### Stored data entries

text \<open>Courant--Fischer, upper half: the plane spanned by the top two eigenvectors of \<open>X\<^sup>T X\<close>
  meets every hyperplane \<open>u\<^sup>\<perp>\<close>.\<close>

lemma sigma2_le_if_norm_le_on_hyperplane:
  fixes X :: "real^'n^'m"
  assumes c: "c \<ge> 0" and bound: "\<And>x. x \<bullet> u = 0 \<Longrightarrow> norm (X *v x) \<le> c * norm x"
  shows "sigma2 X \<le> c"
proof -
  obtain q :: "'n \<Rightarrow> real^'n" and d where E: "eigenbasis q (transpose X ** X) d"
    and \<sigma>: "sigma2 X = (if CARD('n) < 2 then 0 else sqrt (desc_values d ! 1))"
    by (rule sigma2_eigenbasis)
  interpret eigenbasis q "transpose X ** X" d by (rule E)
  let ?ev = "desc_values d ! 1"
  show ?thesis
  proof (cases "CARD('n) < 2")
    case False
    then obtain k1 k2 where k12: "k1 \<noteq> k2" "?ev \<le> d k1" "d k2 = ?ev"
      using desc_values_second[of d] by (metis not_less)
    obtain a b where ab: "a^2 + b^2 > 0" and xu: "(a *\<^sub>R q k1 + b *\<^sub>R q k2) \<bullet> u = 0"
      by (rule exists_unit_combination_orthogonal)
    define x where "x = a *\<^sub>R q k1 + b *\<^sub>R q k2"
    have o: "q k1 \<bullet> q k1 = 1" "q k2 \<bullet> q k2 = 1" "q k1 \<bullet> q k2 = 0" "q k2 \<bullet> q k1 = 0"
      using orthonormal k12(1) by auto
    have xx: "x \<bullet> x = a^2 + b^2"
      unfolding x_def by (simp add: inner_add_left inner_add_right o power2_eq_square)
    have "(transpose X ** X) *v x = (a * d k1) *\<^sub>R q k1 + (b * d k2) *\<^sub>R q k2"
      unfolding x_def by (simp only: matrix_vector_right_distrib matrix_vector_mult_scaleR eigen scaleR_scaleR)
    hence "(X *v x) \<bullet> (X *v x) = d k1 * a^2 + d k2 * b^2"
      unfolding inner_mult_vec_self by (simp add: x_def inner_add_left inner_add_right o power2_eq_square)
    moreover have "(X *v x) \<bullet> (X *v x) \<le> c^2 * (x \<bullet> x)"
      using bound[OF xu[folded x_def]] c
      by (metis norm_ge_zero power2_norm_eq_inner power_mono power_mult_distrib)
    moreover have "?ev * (a^2 + b^2) \<le> d k1 * a^2 + d k2 * b^2"
      using k12 by (simp add: algebra_simps mult_right_mono)
    ultimately have "?ev * (a^2 + b^2) \<le> c^2 * (a^2 + b^2)" unfolding xx by linarith
    hence "?ev \<le> c^2" using ab by (simp add: mult_le_cancel_right_pos)
    hence "sqrt ?ev \<le> c" using c real_sqrt_le_mono by fastforce
    thus ?thesis using False \<sigma> by simp
  qed (simp add: \<sigma> c)
qed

### Work order
Only an exact copy of the data above will do.

### Expected output
text \<open>Courant--Fischer, upper half: the plane spanned by the top two eigenvectors of \<open>X\<^sup>T X\<close>
  meets every hyperplane \<open>u\<^sup>\<perp>\<close>.\<close>

lemma sigma2_le_if_norm_le_on_hyperplane:
  fixes X :: "real^'n^'m"
  assumes c: "c \<ge> 0" and bound: "\<And>x. x \<bullet> u = 0 \<Longrightarrow> norm (X *v x) \<le> c * norm x"
  shows "sigma2 X \<le> c"
proof -
  obtain q :: "'n \<Rightarrow> real^'n" and d where E: "eigenbasis q (transpose X ** X) d"
    and \<sigma>: "sigma2 X = (if CARD('n) < 2 then 0 else sqrt (desc_values d ! 1))"
    by (rule sigma2_eigenbasis)
  interpret eigenbasis q "transpose X ** X" d by (rule E)
  let ?ev = "desc_values d ! 1"
  show ?thesis
  proof (cases "CARD('n) < 2")
    case False
    then obtain k1 k2 where k12: "k1 \<noteq> k2" "?ev \<le> d k1" "d k2 = ?ev"
      using desc_values_second[of d] by (metis not_less)
    obtain a b where ab: "a^2 + b^2 > 0" and xu: "(a *\<^sub>R q k1 + b *\<^sub>R q k2) \<bullet> u = 0"
      by (rule exists_unit_combination_orthogonal)
    define x where "x = a *\<^sub>R q k1 + b *\<^sub>R q k2"
    have o: "q k1 \<bullet> q k1 = 1" "q k2 \<bullet> q k2 = 1" "q k1 \<bullet> q k2 = 0" "q k2 \<bullet> q k1 = 0"
      using orthonormal k12(1) by auto
    have xx: "x \<bullet> x = a^2 + b^2"
      unfolding x_def by (simp add: inner_add_left inner_add_right o power2_eq_square)
    have "(transpose X ** X) *v x = (a * d k1) *\<^sub>R q k1 + (b * d k2) *\<^sub>R q k2"
      unfolding x_def by (simp only: matrix_vector_right_distrib matrix_vector_mult_scaleR eigen scaleR_scaleR)
    hence "(X *v x) \<bullet> (X *v x) = d k1 * a^2 + d k2 * b^2"
      unfolding inner_mult_vec_self by (simp add: x_def inner_add_left inner_add_right o power2_eq_square)
    moreover have "(X *v x) \<bullet> (X *v x) \<le> c^2 * (x \<bullet> x)"
      using bound[OF xu[folded x_def]] c
      by (metis norm_ge_zero power2_norm_eq_inner power_mono power_mult_distrib)
    moreover have "?ev * (a^2 + b^2) \<le> d k1 * a^2 + d k2 * b^2"
      using k12 by (simp add: algebra_simps mult_right_mono)
    ultimately have "?ev * (a^2 + b^2) \<le> c^2 * (a^2 + b^2)" unfolding xx by linarith
    hence "?ev \<le> c^2" using ab by (simp add: mult_le_cancel_right_pos)
    hence "sqrt ?ev \<le> c" using c real_sqrt_le_mono by fastforce
    thus ?thesis using False \<sigma> by simp
  qed (simp add: \<sigma> c)
qed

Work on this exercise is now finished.